▶ Problem
Look through the listing and locate every line containing the word "intro"; copy those lines.

▶ Supplied data
(* Let $X$ be a Polish space, $f:X\to\mathbb R$ a Baire-1 function and $a<b$ reals. Then $$\alpha(f,a,b)=\sup\{\alpha(f,K,a,b):K\subseteq X\text{ compact}\}.$$
   Context: Separation rank: for $f:X\to\mathbb R$, reals $a<b$ and closed $F\subseteq X$, let $F'_{f,a,b}=\overline{F\cap[f<a]}\cap\overline{F\cap[f>b]}$, where $[f<a]=\{x:f(x)<a\}$, $[f>b]=\{x:f(x)>b\}$. Define iterated derivatives $F^{(0)}_{f,a,b}=F$, $F^{(\xi+1)}_{f,a,b}=(F^{(\xi)}_{f,a,b})'_{f,a,b}$ and $F^{(\lambda)}_{f,a,b}=\bigcap_{\xi<\lambda}F^{(\xi)}_{f,a,b}$ for limit $\lambda$. $\alpha(f,F,a,b)$ is the least ordinal $\xi$ with $F^{(\xi)}_{f,a,b}=\varnothing$ if such $\xi<\omega_1$ exists, and $\omega_1$ otherwise; $\alpha(f,a,b)=\alpha(f,X,a,b)$. *)

theory Defs
  imports "HOL-Analysis.Analysis"
begin

definition baire1 :: "('a::topological_space \<Rightarrow> real) \<Rightarrow> bool" where
  "baire1 f \<longleftrightarrow> (\<exists>g :: nat \<Rightarrow> 'a \<Rightarrow> real.
      (\<forall>n. continuous_on UNIV (g n)) \<and> (\<forall>x. (\<lambda>n. g n x) \<longlonglongrightarrow> f x))"

definition sep_deriv :: "('a::topological_space \<Rightarrow> real) \<Rightarrow> real \<Rightarrow> real \<Rightarrow> 'a set \<Rightarrow> 'a set" where
  "sep_deriv f a b F = closure (F \<inter> {x. f x < a}) \<inter> closure (F \<inter> {x. f x > b})"

text \<open>Transfinite iteration F^(i), indexed by elements i of a well-ordered type; the
  ordinal represented by i is the order type of the initial segment below i.\<close>
definition sep_iter :: "('a::topological_space \<Rightarrow> real) \<Rightarrow> real \<Rightarrow> real \<Rightarrow> 'a set \<Rightarrow> 'i::wellorder \<Rightarrow> 'a set" where
  "sep_iter f a b F = wfrec {(j, i). j < i} (\<lambda>D i.
     if \<not> (\<exists>j. j < i) then F
     else if (\<exists>j. j < i \<and> \<not> (\<exists>k. j < k \<and> k < i))
       then sep_deriv f a b (D (THE j. j < i \<and> \<not> (\<exists>k. j < k \<and> k < i)))
     else \<Inter> {D j | j. j < i})"

end

theory Submission
  imports Defs
begin

text \<open>By transfinite induction on \<open>i\<close> one shows more: every point \<open>x\<close> of the \<open>i\<close>-th derivative
  of the whole space has, inside any neighbourhood \<open>U\<close>, a compact \<open>K\<close> with \<open>x\<close> in the \<open>i\<close>-th
  derivative of \<open>K\<close>. At a successor step \<open>x\<close> is a limit of points \<open>y\<^sub>n\<close> with \<open>f y\<^sub>n < a\<close>
  (resp. \<open>> b\<close>) from the previous derivative; by induction each \<open>y\<^sub>n\<close> is witnessed by a compact
  set in the ball of radius \<open>1/(n+1)\<close> around \<open>x\<close>, and \<open>x\<close> together with all these sets is
  compact. At a limit step the same construction handles the countably many earlier levels.
  Monotonicity of the derivative in \<open>F\<close> gives the converse.\<close>

lemma the_immediate_predecessor:
  assumes "p < (i::'i::wellorder)" "\<not> (\<exists>k. p < k \<and> k < i)"
  shows "(THE j. j < i \<and> \<not> (\<exists>k. j < k \<and> k < i)) = p"
  using assms by (intro the_equality) (auto, metis neqE)

lemma wellorder_zero_succ_limit_cases:
  fixes i :: "'i::wellorder"
  obtains (zero) "\<not> (\<exists>j. j < i)"
    | (succ) p where "p < i" "\<not> (\<exists>k. p < k \<and> k < i)"
    | (limit) "\<exists>j. j < i" "\<not> (\<exists>j. j < i \<and> \<not> (\<exists>k. j < k \<and> k < i))"
  by blast

lemma sep_iter_unfold:
  "sep_iter f a b F (i::'i::wellorder) =
     (if \<not> (\<exists>j. j < i) then F
     else if (\<exists>j. j < i \<and> \<not> (\<exists>k. j < k \<and> k < i))
       then sep_deriv f a b (sep_iter f a b F (THE j. j < i \<and> \<not> (\<exists>k. j < k \<and> k < i)))
     else \<Inter> {sep_iter f a b F j | j. j < i})"
proof -
  have "(THE j. j < i \<and> \<not> (\<exists>k. j < k \<and> k < i)) < i"
    if "\<exists>j. j < i \<and> \<not> (\<exists>k. j < k \<and> k < i)"
  proof -
    from that obtain p where p: "p < i" "\<not> (\<exists>k. p < k \<and> k < i)" by blast
    show ?thesis by (subst the_immediate_predecessor[OF p]) (rule p(1))
  qed
  then show ?thesis
    unfolding sep_iter_def by (subst wfrec[OF wf]) (auto simp: cut_def)
qed

lemma sep_iter_zero: "\<not> (\<exists>j. j < (i::'i::wellorder)) \<Longrightarrow> sep_iter f a b F i = F"
  by (subst sep_iter_unfold) simp

lemma sep_iter_succ:
  assumes "p < (i::'i::wellorder)" "\<not> (\<exists>k. p < k \<and> k < i)"
  shows "sep_iter f a b F i = sep_deriv f a b (sep_iter f a b F p)"
  using assms the_immediate_predecessor[OF assms] by (subst sep_iter_unfold) auto

lemma sep_iter_limit:
  assumes "\<exists>j. j < (i::'i::wellorder)" "\<not> (\<exists>j. j < i \<and> \<not> (\<exists>k. j < k \<and> k < i))"
  shows "sep_iter f a b F i = \<Inter> {sep_iter f a b F j | j. j < i}"
  using assms by (subst sep_iter_unfold) auto

lemma sep_deriv_mono: "F \<subseteq> G \<Longrightarrow> sep_deriv f a b F \<subseteq> sep_deriv f a b G"
  unfolding sep_deriv_def by (intro Int_mono closure_mono) auto

lemma sep_iter_mono: "mono (\<lambda>F. sep_iter f a b F (i::'i::wellorder))"
proof (rule monoI)
  fix F G :: "'a set" assume "F \<subseteq> G"
  then show "sep_iter f a b F i \<subseteq> sep_iter f a b G i"
  proof (induction i rule: less_induct)
    case (less i)
    show ?case
    proof (cases i rule: wellorder_zero_succ_limit_cases)
      case zero
      then show ?thesis using less by (simp add: sep_iter_zero)
    next
      case (succ p)
      then show ?thesis using less by (simp add: sep_iter_succ sep_deriv_mono)
    next
      case limit
      then show ?thesis using less by (simp add: sep_iter_limit) blast
    qed
  qed
qed

lemma compact_insert_Union_shrinking:
  fixes x :: "'a::metric_space"
  assumes compact: "\<And>n. compact (K n)" and shrinking: "\<And>n. K n \<subseteq> ball x (1 / Suc n)"
  shows "compact (insert x (\<Union>n. K n))"
proof (rule compactI)
  fix C assume open_C: "\<forall>t\<in>C. open t" and cover: "insert x (\<Union>n. K n) \<subseteq> \<Union>C"
  then obtain T where T: "T \<in> C" "x \<in> T" by blast
  then obtain e where "e > 0" "ball x e \<subseteq> T" using open_C open_contains_ball by blast
  obtain N where N: "1 / Suc N < e" using \<open>e > 0\<close> by (metis nat_approx_posE)
  have tail: "K n \<subseteq> T" if "n \<ge> N" for n
  proof -
    have "1 / real (Suc n) \<le> 1 / Suc N" using that by (simp add: frac_le)
    then have "ball x (1 / Suc n) \<subseteq> ball x e" using N by (intro subset_ball) linarith
    then show ?thesis using shrinking[of n] \<open>ball x e \<subseteq> T\<close> by blast
  qed
  have "compact (\<Union>n<N. K n)" using compact by (intro compact_UN) auto
  moreover have "(\<Union>n<N. K n) \<subseteq> \<Union>C" using cover by blast
  ultimately obtain D where D: "D \<subseteq> C" "finite D" "(\<Union>n<N. K n) \<subseteq> \<Union>D"
    using open_C by (meson compactE)
  have "K n \<subseteq> \<Union>(insert T D)" for n
    using D(3) tail[of n] by (cases "n < N") auto
  then have "insert x (\<Union>n. K n) \<subseteq> \<Union>(insert T D)" using T(2) by blast
  then show "\<exists>C'\<subseteq>C. finite C' \<and> insert x (\<Union>n. K n) \<subseteq> \<Union>C'"
    using D T by (intro exI[of _ "insert T D"]) auto
qed

lemma closure_witnessed_by_compact:
  fixes x :: "'a::metric_space" and T :: "'a set \<Rightarrow> 'a set"
  assumes mono: "mono T"
    and witness: "\<And>y V. y \<in> S \<Longrightarrow> open V \<Longrightarrow> y \<in> V \<Longrightarrow> \<exists>K. compact K \<and> K \<subseteq> V \<and> y \<in> T K"
    and x: "x \<in> closure (S \<inter> P)" and U: "open U" "x \<in> U"
  shows "\<exists>K. compact K \<and> K \<subseteq> U \<and> x \<in> closure (T K \<inter> P)"
proof -
  have "\<exists>K y. compact K \<and> K \<subseteq> U \<inter> ball x (1 / Suc n) \<and> y \<in> T K \<inter> P \<and> y \<in> ball x (1 / Suc n)"
    for n
  proof -
    have "open (U \<inter> ball x (1 / Suc n))" "x \<in> U \<inter> ball x (1 / Suc n)" using U by auto
    then obtain y where y: "y \<in> S \<inter> P" "y \<in> U \<inter> ball x (1 / Suc n)"
      using x open_Int_closure_eq_empty by blast
    moreover obtain K where "compact K" "K \<subseteq> U \<inter> ball x (1 / Suc n)" "y \<in> T K"
      using witness[of y "U \<inter> ball x (1 / Suc n)"] y \<open>open (U \<inter> ball x (1 / Suc n))\<close> by blast
    ultimately show ?thesis by blast
  qed
  then obtain K y where K: "\<And>n. compact (K n)" "\<And>n. K n \<subseteq> U \<inter> ball x (1 / Suc n)"
    and y: "\<And>n. y n \<in> T (K n) \<inter> P" "\<And>n. y n \<in> ball x (1 / Suc n)"
    by metis
  define L where "L = insert x (\<Union>n. K n)"
  have "compact L" unfolding L_def using K by (intro compact_insert_Union_shrinking) auto
  moreover have "L \<subseteq> U" unfolding L_def using K(2) U(2) by blast
  moreover have "x \<in> closure (T L \<inter> P)"
    unfolding closure_approachable
  proof (intro allI impI)
    fix d :: real assume "d > 0"
    then obtain n where "1 / Suc n < d" by (metis nat_approx_posE)
    moreover have "y n \<in> T L" using y(1)[of n] monoD[OF mono, of "K n" L] by (auto simp: L_def)
    moreover have "dist (y n) x < 1 / Suc n" using y(2)[of n] by (simp add: dist_commute)
    ultimately show "\<exists>z\<in>T L \<inter> P. dist z x < d" using y(1)[of n] by force
  qed
  ultimately show ?thesis by blast
qed

lemma countable_Inter_witnessed_by_compact:
  fixes x :: "'a::metric_space" and T :: "'j \<Rightarrow> 'a set \<Rightarrow> 'a set"
  assumes J: "countable J" and mono: "\<And>j. j \<in> J \<Longrightarrow> mono (T j)"
    and witness: "\<And>j V. j \<in> J \<Longrightarrow> open V \<Longrightarrow> x \<in> V \<Longrightarrow> \<exists>K. compact K \<and> K \<subseteq> V \<and> x \<in> T j K"
    and U: "open U" "x \<in> U"
  shows "\<exists>K. compact K \<and> K \<subseteq> U \<and> (\<forall>j\<in>J. x \<in> T j K)"
proof (cases "J = {}")
  case False
  define g where "g = from_nat_into J"
  have g: "g n \<in> J" for n using from_nat_into[OF False] by (simp add: g_def)
  have "\<exists>K. compact K \<and> K \<subseteq> U \<inter> ball x (1 / Suc n) \<and> x \<in> T (g n) K" for n
    using U by (intro witness g) auto
  then obtain K where K: "\<And>n. compact (K n)" "\<And>n. K n \<subseteq> U \<inter> ball x (1 / Suc n)"
    "\<And>n. x \<in> T (g n) (K n)" by metis
  define L where "L = insert x (\<Union>n. K n)"
  have "compact L" unfolding L_def using K by (intro compact_insert_Union_shrinking) auto
  moreover have "L \<subseteq> U" unfolding L_def using K(2) U(2) by blast
  moreover have "x \<in> T j L" if "j \<in> J" for j
  proof -
    obtain n where "j = g n" using \<open>j \<in> J\<close> range_from_nat_into[OF False J] g_def by blast
    then show ?thesis using K(3)[of n] monoD[OF mono[OF g], of "K n" L] by (auto simp: L_def)
  qed
  ultimately show ?thesis by blast
qed blast

lemma sep_iter_UNIV_witnessed_by_compact:
  fixes f :: "'a::metric_space \<Rightarrow> real" and i :: "'i::wellorder"
  assumes "countable {j. j < i}" "x \<in> sep_iter f a b UNIV i" "open U" "x \<in> U"
  shows "\<exists>K. compact K \<and> K \<subseteq> U \<and> x \<in> sep_iter f a b K i"
  using assms
proof (induction i arbitrary: x U rule: less_induct)
  case (less i)
  have IH: "\<exists>K. compact K \<and> K \<subseteq> V \<and> y \<in> sep_iter f a b K j"
    if "j < i" "y \<in> sep_iter f a b UNIV j" "open V" "y \<in> V" for j y V
  proof -
    have "{k. k < j} \<subseteq> {k. k < i}" using that(1) by auto
    then have "countable {k. k < j}" using less.prems(1) by (rule countable_subset)
    then show ?thesis using less.IH[OF that(1)] that(2-) by blast
  qed
  show ?case
  proof (cases i rule: wellorder_zero_succ_limit_cases)
    case zero
    then show ?thesis using less.prems by (intro exI[of _ "{x}"]) (simp add: sep_iter_zero)
  next
    case (succ p)
    let ?T = "\<lambda>K. sep_iter f a b K p"
    have below: "x \<in> closure (?T UNIV \<inter> {y. f y < a})"
      and above: "x \<in> closure (?T UNIV \<inter> {y. f y > b})"
      using less.prems(2) by (simp_all add: sep_iter_succ[OF succ] sep_deriv_def)
    obtain K\<^sub>1 where K\<^sub>1: "compact K\<^sub>1" "K\<^sub>1 \<subseteq> U" "x \<in> closure (?T K\<^sub>1 \<inter> {y. f y < a})"
      using closure_witnessed_by_compact[OF sep_iter_mono IH[OF succ(1)] below less.prems(3,4)] by blast
    obtain K\<^sub>2 where K\<^sub>2: "compact K\<^sub>2" "K\<^sub>2 \<subseteq> U" "x \<in> closure (?T K\<^sub>2 \<inter> {y. f y > b})"
      using closure_witnessed_by_compact[OF sep_iter_mono IH[OF succ(1)] above less.prems(3,4)] by blast
    have mono\<^sub>1: "?T K\<^sub>1 \<subseteq> ?T (K\<^sub>1 \<union> K\<^sub>2)" and mono\<^sub>2: "?T K\<^sub>2 \<subseteq> ?T (K\<^sub>1 \<union> K\<^sub>2)"
      by (rule monoD[OF sep_iter_mono], blast)+
    have "x \<in> closure (?T (K\<^sub>1 \<union> K\<^sub>2) \<inter> {y. f y < a})"
      by (rule subsetD[OF closure_mono[OF Int_mono[OF mono\<^sub>1 order_refl]] K\<^sub>1(3)])
    moreover have "x \<in> closure (?T (K\<^sub>1 \<union> K\<^sub>2) \<inter> {y. f y > b})"
      by (rule subsetD[OF closure_mono[OF Int_mono[OF mono\<^sub>2 order_refl]] K\<^sub>2(3)])
    ultimately have "x \<in> sep_iter f a b (K\<^sub>1 \<union> K\<^sub>2) i"
      unfolding sep_iter_succ[OF succ] sep_deriv_def by (rule IntI)
    moreover have "compact (K\<^sub>1 \<union> K\<^sub>2)" using K\<^sub>1(1) K\<^sub>2(1) by (rule compact_Un)
    moreover have "K\<^sub>1 \<union> K\<^sub>2 \<subseteq> U" using K\<^sub>1(2) K\<^sub>2(2) by (rule Un_least)
    ultimately show ?thesis by blast
  next
    case limit
    have below: "x \<in> sep_iter f a b UNIV j" if "j < i" for j
      using less.prems(2) that unfolding sep_iter_limit[OF limit] by blast
    have witness: "\<exists>K. compact K \<and> K \<subseteq> V \<and> x \<in> sep_iter f a b K j"
      if "j \<in> {j. j < i}" "open V" "x \<in> V" for j V
      using that IH below by simp
    obtain K where "compact K" "K \<subseteq> U" "\<forall>j\<in>{j. j < i}. x \<in> sep_iter f a b K j"
      using countable_Inter_witnessed_by_compact[where T = "\<lambda>j K. sep_iter f a b K j",
          OF less.prems(1) sep_iter_mono witness less.prems(3,4)] by blast
    then show ?thesis unfolding sep_iter_limit[OF limit] by blast
  qed
qed

theorem proposition4p1:
  fixes f :: "'a::polish_space \<Rightarrow> real" and a b :: real and i :: "'i::wellorder"
  assumes "baire1 f" and "a < b" and "countable {j. j < i}"
  shows "sep_iter f a b UNIV i \<noteq> {} \<longleftrightarrow> (\<exists>K. compact K \<and> sep_iter f a b K i \<noteq> {})"
proof
  assume "sep_iter f a b UNIV i \<noteq> {}"
  then obtain x where "x \<in> sep_iter f a b UNIV i" by (auto simp: ex_in_conv[symmetric])
  then obtain K where "compact K" "x \<in> sep_iter f a b K i"
    using sep_iter_UNIV_witnessed_by_compact[OF assms(3) _ open_UNIV UNIV_I] by blast
  then show "\<exists>K. compact K \<and> sep_iter f a b K i \<noteq> {}" by blast
next
  assume "\<exists>K. compact K \<and> sep_iter f a b K i \<noteq> {}"
  then obtain K where "sep_iter f a b K i \<noteq> {}" by blast
  moreover have "sep_iter f a b K i \<subseteq> sep_iter f a b UNIV i"
    by (rule monoD[OF sep_iter_mono]) simp
  ultimately show "sep_iter f a b UNIV i \<noteq> {}" by blast
qed

end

▶ Completed exercise
  using assms by (intro the_equality) (auto, metis neqE)
  unfolding sep_deriv_def by (intro Int_mono closure_mono) auto
    then have "ball x (1 / Suc n) \<subseteq> ball x e" using N by (intro subset_ball) linarith
  have "compact (\<Union>n<N. K n)" using compact by (intro compact_UN) auto
    using D T by (intro exI[of _ "insert T D"]) auto
  have "compact L" unfolding L_def using K by (intro compact_insert_Union_shrinking) auto
  proof (intro allI impI)
    using U by (intro witness g) auto
  have "compact L" unfolding L_def using K by (intro compact_insert_Union_shrinking) auto
    then show ?thesis using less.prems by (intro exI[of _ "{x}"]) (simp add: sep_iter_zero)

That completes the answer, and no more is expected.